Thursday, February 05, 2004
Baseball, like most forms of non-artistic work, is overstuffed with available information for many sources. Just as a baseball researcher might use Baseball-Reference.com or Baseball Prospectus' stat line-up or CBS Sportsline's array of numbers or buy custom research from single-man expertise shops like Eric Enders, people in the military world might use Jane's Books or free intel from their own government's agencies or send out gatherers/spies of their own or buy it from free agents, or, as sometimes happens, just make it up if they can't find anything that serves their current mission.
Each sensible creator of new information, individually, is a blessing, because she might deliver something of value that no-one has thought of or nailed before. Further, he may present something marginal that while in & of itself doesn't add much value, it opens the eyes of another researcher to a way of looking at things that enables him to produce something original and valuable.
THE CHALLENGE IS
The challenge is The Diseconomy of Scale. Yes, I know people commonly talk about the Economies of Scale, but general scale worshippers come to their conclusions from a personality predisposition that worships size, a very typical early-childhood condition that most people pass through, while some get stuck there cognitively (see the work of Jean Piaget and other structuralists on learning theories -- citations available if you write me). For every economy of scale, there are three to thirty diseconomies of scale. Generally, "More is Less."
There is so much information available, some of the valuable stuff can "disappear" in the overwhelming volume simply because no-one, not even someone with an obsessive-compulsive personality leaning, can find it all and then remember where it is.
BUT THANKS TO
But thanks to Jonny German (great baseball name, eh? Sounds like a fleet-footed 4th outfielder of the 1920s) we have a new resource for sorting it out. Like many of my favorite reference books (The Encyclopedia of Dictionaries, The Reader's Guide to Periodical Literature, et.al.) it's not creating any new content/research, it's consolidating and making navigable the infernally obese wealth of existing resources.

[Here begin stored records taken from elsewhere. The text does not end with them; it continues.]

(* Let $\rho_1,\rho_2\in[\lambda_0,\lambda_1]$ be the thresholds defined below. Then the optimal action on the boundary of the rectangle $[\lambda_0,\lambda_1]^2$ is as follows: (a) On $p_2=\lambda_0$: for $\lambda_0\le p_1\le\rho_1$, $(p_1,\lambda_0)\in\Phi_{B_b}$; for $\rho_1<p_1\le\lambda_1$, $(p_1,\lambda_0)\in\Phi_{B_1}$. (b) On $p_2=\lambda_1$: for $\rho_2\le p_1\le\lambda_1$, $(p_1,\lambda_1)\in\Phi_{B_b}$; for $\lambda_0\le p_1<\rho_2$, $(p_1,\lambda_1)\in\Phi_{B_2}$. (c) On $p_1=\lambda_0$: for $\lambda_0\le p_2\le\rho_1$, $(\lambda_0,p_2)\in\Phi_{B_b}$; for $\rho_1<p_2\le\lambda_1$, $(\lambda_0,p_2)\in\Phi_{B_2}$. (d) On $p_1=\lambda_1$: for $\rho_2\le p_2\le\lambda_1$, $(\lambda_1,p_2)\in\Phi_{B_b}$; for $\lambda_0\le p_2<\rho_2$, $(\lambda_1,p_2)\in\Phi_{B_1}$.
   Context: Fix parameters $0\le\lambda_0\le\lambda_1\le 1$, a discount factor $\beta\in[0,1)$, and rates $0<R_l<R_h<2R_l$. Let $\alpha=\lambda_1-\lambda_0$ and $T(p)=\alpha p+\lambda_0$. The model consists of two independent, identical Gilbert–Elliott channels with $\Pr[\text{good}\mid\text{good}]=\lambda_1$ and $\Pr[\text{good}\mid\text{bad}]=\lambda_0$. The belief state is $(p_1,p_2)\in[0,1]^2$, and there are three actions, $B_b$, $B_1$ and $B_2$. Let $V:[0,1]^2\to\mathbb R$ be the optimal expected total discounted reward, i.e. the unique bounded function satisfying $V=\max\{V_{B_b},V_{B_1},V_{B_2}\}$, where $V_{B_b}(p_1,p_2)=p_1R_l+p_2R_l+\beta[(1-p_1)(1-p_2)V(\lambda_0,\lambda_0)+p_1(1-p_2)V(\lambda_1,\lambda_0)+(1-p_1)p_2V(\lambda_0,\lambda_1)+p_1p_2V(\lambda_1,\lambda_1)]$, $V_{B_1}(p_1,p_2)=p_1R_h+\beta[(1-p_1)V(\lambda_0,T(p_2))+p_1V(\lambda_1,T(p_2))]$, $V_{B_2}(p_1,p_2)=p_2R_h+\beta[(1-p_2)V(T(p_1),\lambda_0)+p_2V(T(p_1),\lambda_1)]$. For $a\in\{B_b,B_1,B_2\}$, the decision region is $\Phi_a=\{(p_1,p_2)\in[0,1]^2: V(p_1,p_2)=V_a(p_1,p_2)\}$. The thresholds $\rho_1,\rho_2\in[\lambda_0,\lambda_1]$ are defined by $\{p_1\in[\lambda_0,\lambda_1]:(p_1,\lambda_0)\in\Phi_{B_b}\}=[\lambda_0,\rho_1]$ and $\{p_1\in[\lambda_0,\lambda_1]:(p_1,\lambda_1)\in\Phi_{B_b}\}=[\rho_2,\lambda_1]$; the paper establishes that both sets are intervals of this form. *)

theory Defs
  imports Complex_Main
begin

datatype action = Bb | B1 | B2

definition Tmap :: "real \<Rightarrow> real \<Rightarrow> real \<Rightarrow> real" where
  "Tmap l0 l1 p = (l1 - l0) * p + l0"

fun Qval :: "real \<Rightarrow> real \<Rightarrow> real \<Rightarrow> real \<Rightarrow> real \<Rightarrow> (real \<Rightarrow> real \<Rightarrow> real)
              \<Rightarrow> action \<Rightarrow> real \<Rightarrow> real \<Rightarrow> real" where
  "Qval l0 l1 \<beta> Rl Rh V Bb p1 p2 =
     p1 * Rl + p2 * Rl + \<beta> * ((1 - p1) * (1 - p2) * V l0 l0 + p1 * (1 - p2) * V l1 l0
        + (1 - p1) * p2 * V l0 l1 + p1 * p2 * V l1 l1)"
| "Qval l0 l1 \<beta> Rl Rh V B1 p1 p2 =
     p1 * Rh + \<beta> * ((1 - p1) * V l0 (Tmap l0 l1 p2) + p1 * V l1 (Tmap l0 l1 p2))"
| "Qval l0 l1 \<beta> Rl Rh V B2 p1 p2 =
     p2 * Rh + \<beta> * ((1 - p2) * V (Tmap l0 l1 p1) l0 + p2 * V (Tmap l0 l1 p1) l1)"

definition is_opt_value :: "real \<Rightarrow> real \<Rightarrow> real \<Rightarrow> real \<Rightarrow> real \<Rightarrow> (real \<Rightarrow> real \<Rightarrow> real) \<Rightarrow> bool" where
  "is_opt_value l0 l1 \<beta> Rl Rh V \<longleftrightarrow>
     (\<exists>M. \<forall>p1\<in>{0..1}. \<forall>p2\<in>{0..1}. \<bar>V p1 p2\<bar> \<le> M) \<and>
     (\<forall>p1\<in>{0..1}. \<forall>p2\<in>{0..1}. V p1 p2 =
        max (Qval l0 l1 \<beta> Rl Rh V Bb p1 p2)
            (max (Qval l0 l1 \<beta> Rl Rh V B1 p1 p2) (Qval l0 l1 \<beta> Rl Rh V B2 p1 p2)))"

definition Phi :: "real \<Rightarrow> real \<Rightarrow> real \<Rightarrow> real \<Rightarrow> real \<Rightarrow> (real \<Rightarrow> real \<Rightarrow> real) \<Rightarrow> action \<Rightarrow> (real \<times> real) set" where
  "Phi l0 l1 \<beta> Rl Rh V a =
     {(p1, p2). p1 \<in> {0..1} \<and> p2 \<in> {0..1} \<and> V p1 p2 = Qval l0 l1 \<beta> Rl Rh V a p1 p2}"

end

theory Submission
  imports Defs
begin

(* Two structural facts are
   proved by the same contraction argument: a defect quantity is bounded, and
   every bound K on it improves to beta * K; hence it is <= 0.
     (1) V is symmetric, V p q = V q p  (defect |V p q - V q p|);
     (2) V is convex in its first argument (defect = convexity gap), since B_b
         and B_1 are affine in p1 while B_2 is a discounted convex combination
         of values of V, and the maximum of such functions stays convex.
   Convexity along the segment from lambda_0 to lambda_1 compares the value
   after one round of a single-channel action with the value after B_b; with
   Rh < 2 Rl this shows that B_2 is never better than B_b on the edge
   p2 = lambda_0, and B_1 never better than B_b on the edge p2 = lambda_1.
   So on those edges, off the B_b region the remaining action is optimal; the
   threshold hypotheses give parts (a), (b), and symmetry of V transports
   them to the edges p1 = lambda_0, p1 = lambda_1, giving (c), (d). *)

lemma convex_comb_le:
  fixes t A B K :: real
  assumes "0 \<le> t" "t \<le> 1" "A \<le> K" "B \<le> K"
  shows "(1-t)*A + t*B \<le> K"
proof -
  have "(1-t)*A + t*B \<le> (1-t)*K + t*K" using assms by (intro add_mono mult_left_mono) auto
  then show ?thesis by (simp add: algebra_simps)
qed

lemma convex_comb_in_unit:
  fixes t a c :: real
  assumes "a \<in> {0..1}" "c \<in> {0..1}" "t \<in> {0..1}"
  shows "(1-t)*a + t*c \<in> {0..1}"
  using convex_comb_le[of t a 1 c] convex_comb_le[of t "-a" 0 "-c"] assms
  by (auto simp: algebra_simps)

lemma convex_comb_abs_le:
  fixes t A B K :: real
  assumes "0 \<le> t" "t \<le> 1" "\<bar>A\<bar> \<le> K" "\<bar>B\<bar> \<le> K"
  shows "\<bar>(1-t)*A + t*B\<bar> \<le> K"
  using convex_comb_le[OF assms(1,2), of A K B] convex_comb_le[OF assms(1,2), of "-A" K "-B"] assms
  by (auto simp: abs_le_iff algebra_simps)

text \<open>The maximum of three numbers is 1-Lipschitz in the sup norm; the last two
  arguments are compared crosswise, matching the exchange of B_1 and B_2.\<close>
lemma max3_diff_abs_le:
  fixes a b c a' b' c' e :: real
  assumes "\<bar>a-a'\<bar> \<le> e" "\<bar>b-b'\<bar> \<le> e" "\<bar>c-c'\<bar> \<le> e"
  shows "\<bar>max a (max b c) - max a' (max c' b')\<bar> \<le> e"
  using assms by (simp add: max_def abs_le_iff)

lemma max3_mem:
  fixes a b c :: real
  shows "max a (max b c) \<in> {a, b, c}"
  by (simp add: max_def)

lemma contraction_nonpos:
  fixes f :: "'a \<Rightarrow> real" and \<beta> C :: real
  assumes "0 \<le> \<beta>" "\<beta> < 1"
    and bounded: "\<forall>s\<in>S. f s \<le> C"
    and improve: "\<And>K. \<forall>s\<in>S. f s \<le> K \<Longrightarrow> \<forall>s\<in>S. f s \<le> \<beta> * K"
    and "s \<in> S"
  shows "f s \<le> 0"
proof -
  have iter: "\<forall>s\<in>S. f s \<le> \<beta>^n * C" for n
    by (induction n) (use bounded improve in \<open>auto simp: mult.assoc\<close>)
  have "(\<lambda>n. \<beta>^n * C) \<longlonglongrightarrow> 0 * C"
    by (intro tendsto_mult_right LIMSEQ_power_zero) (use assms in auto)
  then show ?thesis using iter \<open>s \<in> S\<close> by (intro LIMSEQ_le_const[where X="\<lambda>n. \<beta>^n * C"]) auto
qed

lemma lower_threshold_iff:
  fixes a b c x :: real
  assumes "{y \<in> {a..b}. P y} = {a..c}" "c \<le> b" "a \<le> x" "x \<le> b"
  shows "P x \<longleftrightarrow> x \<le> c"
proof -
  have "P x \<longleftrightarrow> x \<in> {y \<in> {a..b}. P y}" using assms(3,4) by simp
  also have "\<dots> \<longleftrightarrow> x \<in> {a..c}" by (simp only: assms(1))
  finally show ?thesis using assms(3,4) by simp
qed

lemma upper_threshold_iff:
  fixes a b c x :: real
  assumes "{y \<in> {a..b}. P y} = {c..b}" "a \<le> c" "a \<le> x" "x \<le> b"
  shows "P x \<longleftrightarrow> c \<le> x"
proof -
  have "P x \<longleftrightarrow> x \<in> {y \<in> {a..b}. P y}" using assms(3,4) by simp
  also have "\<dots> \<longleftrightarrow> x \<in> {c..b}" by (simp only: assms(1))
  finally show ?thesis using assms(3,4) by simp
qed

locale bellman_solution =
  fixes l0 l1 \<beta> Rl Rh :: real and V :: "real \<Rightarrow> real \<Rightarrow> real"
  assumes lambda: "0 \<le> l0" "l0 \<le> l1" "l1 \<le> 1"
    and discount: "0 \<le> \<beta>" "\<beta> < 1"
    and optimal: "is_opt_value l0 l1 \<beta> Rl Rh V"
begin

abbreviation "Q a p q \<equiv> Qval l0 l1 \<beta> Rl Rh V a p q"
abbreviation "T p \<equiv> Tmap l0 l1 p"
abbreviation "\<Phi> a \<equiv> Phi l0 l1 \<beta> Rl Rh V a"

lemma bellman: "p \<in> {0..1} \<Longrightarrow> q \<in> {0..1} \<Longrightarrow> V p q = max (Q Bb p q) (max (Q B1 p q) (Q B2 p q))"
  using optimal unfolding is_opt_value_def by blast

German's site, Batter's Box, has a looooong article on various on-line resources and on which you can find which statistics (traditional and sabermetric). If you're interested in the numbers end of baseball, bookmark it. It's an (already-meaty) work in progress.
BEYOND BASEBALL, TOO OFTEN
Outside of baseball, there's rarely a Jonny German to save your bacon. Past the Age of Enlightenment, there hasn't been a lot glory in providing value by consolidating existing resources. Part of the constraint has been organizations don't like to provide resources to synthesize or organize the info they already hold. Most finance people find it hard to understand or attach a value to the knowledge that inevitably pops up when existing knowledge is moved around and re-aligned in new relationships. And since most big organizations are dominated by finance people and the people who faun over them, and since many of the people who are attracted to big organizations are "color-blind" to the Diseconomies of Scale, leadership is rarely going to fund the Jonny Germans to clarify, organize, make into reference library quality knowledge.
If you think your own organization is suffering from too much information, take at least a five minute walk through Batter's Box and see what German has done. It'll give you one idea of how to short-cut search time when you're looking for that one kind of data you need move decisively.